+++ Data extract +++

lemma continuous_on_linear_on_dom_fin_dim:
  fixes D :: "'a::real_inner \<Rightarrow> 'b::real_normed_vector"
  assumes "fin_dim_subspace W" "linear_on_dom W D"
  shows "continuous_on W D"
proof -
  obtain C where C: "finite C" "span C = W" "pairwise orthogonal C" "\<And>b. b \<in> C \<Longrightarrow> norm b = 1"
    using fin_dim_subspace_orthonormal_basis[OF assms(1)] by blast
  have W: "subspace W" using assms(1) by (simp add: fin_dim_subspace_def)
  have CW: "b \<in> C \<Longrightarrow> b \<in> W" for b using C(2) span_base by blast
  have "D x = (\<Sum>b\<in>C. inner b x *\<^sub>R D b)" if "x \<in> W" for x
  proof -
    have "D x = D (\<Sum>b\<in>C. inner b x *\<^sub>R b)"
      using orthonormal_expansion_eq[OF C(1,3,4)] that C(2) by metis
    also have "\<dots> = (\<Sum>b\<in>C. inner b x *\<^sub>R D b)"
      using linear_on_dom_sum[OF assms(2) W C(1)] linear_on_dom_scale[OF assms(2)] CW W
      by (simp add: subspace_scale)
    finally show ?thesis .
  qed
  moreover have "continuous_on W (\<lambda>x. \<Sum>b\<in>C. inner b x *\<^sub>R D b)"
    by (intro continuous_intros)
  ultimately show ?thesis using continuous_on_cong by fastforce
qed

lemma rayleigh_maximizer_exists:
  fixes D :: "'a::real_inner \<Rightarrow> 'b::real_normed_vector"
  assumes "fin_dim_subspace W" "linear_on_dom W D" "W \<noteq> {0}"
  obtains w where "w \<in> W" "norm w = 1" "\<And>x. x \<in> W \<Longrightarrow> norm x = 1 \<Longrightarrow> norm (D x) \<le> norm (D w)"
proof -
  have W: "subspace W" using assms(1) by (simp add: fin_dim_subspace_def)
  obtain x where x: "x \<in> W" "x \<noteq> 0" using assms(3) W subspace_0 by blast
  then have "x /\<^sub>R norm x \<in> W \<inter> sphere 0 1" using W by (simp add: subspace_scale)
  moreover have "continuous_on (W \<inter> sphere 0 1) (\<lambda>x. norm (D x))"
    using continuous_on_linear_on_dom_fin_dim[OF assms(1,2)]
    by (intro continuous_on_norm) (rule continuous_on_subset, auto)
  ultimately obtain w where "w \<in> W \<inter> sphere 0 1" "\<forall>y\<in>W \<inter> sphere 0 1. norm (D y) \<le> norm (D w)"
    using continuous_attains_sup[OF compact_unit_sphere_fin_dim[OF assms(1)]] by blast
  then show ?thesis using that by auto
qed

+++

● Work order
All of the entries are to be set down again without alteration.

● Response
lemma continuous_on_linear_on_dom_fin_dim:
  fixes D :: "'a::real_inner \<Rightarrow> 'b::real_normed_vector"
  assumes "fin_dim_subspace W" "linear_on_dom W D"
  shows "continuous_on W D"
proof -
  obtain C where C: "finite C" "span C = W" "pairwise orthogonal C" "\<And>b. b \<in> C \<Longrightarrow> norm b = 1"
    using fin_dim_subspace_orthonormal_basis[OF assms(1)] by blast
  have W: "subspace W" using assms(1) by (simp add: fin_dim_subspace_def)
  have CW: "b \<in> C \<Longrightarrow> b \<in> W" for b using C(2) span_base by blast
  have "D x = (\<Sum>b\<in>C. inner b x *\<^sub>R D b)" if "x \<in> W" for x
  proof -
    have "D x = D (\<Sum>b\<in>C. inner b x *\<^sub>R b)"
      using orthonormal_expansion_eq[OF C(1,3,4)] that C(2) by metis
    also have "\<dots> = (\<Sum>b\<in>C. inner b x *\<^sub>R D b)"
      using linear_on_dom_sum[OF assms(2) W C(1)] linear_on_dom_scale[OF assms(2)] CW W
      by (simp add: subspace_scale)
    finally show ?thesis .
  qed
  moreover have "continuous_on W (\<lambda>x. \<Sum>b\<in>C. inner b x *\<^sub>R D b)"
    by (intro continuous_intros)
  ultimately show ?thesis using continuous_on_cong by fastforce
qed

lemma rayleigh_maximizer_exists:
  fixes D :: "'a::real_inner \<Rightarrow> 'b::real_normed_vector"
  assumes "fin_dim_subspace W" "linear_on_dom W D" "W \<noteq> {0}"
  obtains w where "w \<in> W" "norm w = 1" "\<And>x. x \<in> W \<Longrightarrow> norm x = 1 \<Longrightarrow> norm (D x) \<le> norm (D w)"
proof -
  have W: "subspace W" using assms(1) by (simp add: fin_dim_subspace_def)
  obtain x where x: "x \<in> W" "x \<noteq> 0" using assms(3) W subspace_0 by blast
  then have "x /\<^sub>R norm x \<in> W \<inter> sphere 0 1" using W by (simp add: subspace_scale)
  moreover have "continuous_on (W \<inter> sphere 0 1) (\<lambda>x. norm (D x))"
    using continuous_on_linear_on_dom_fin_dim[OF assms(1,2)]
    by (intro continuous_on_norm) (rule continuous_on_subset, auto)
  ultimately obtain w where "w \<in> W \<inter> sphere 0 1" "\<forall>y\<in>W \<inter> sphere 0 1. norm (D y) \<le> norm (D w)"
    using continuous_attains_sup[OF compact_unit_sphere_fin_dim[OF assms(1)]] by blast
  then show ?thesis using that by auto
qed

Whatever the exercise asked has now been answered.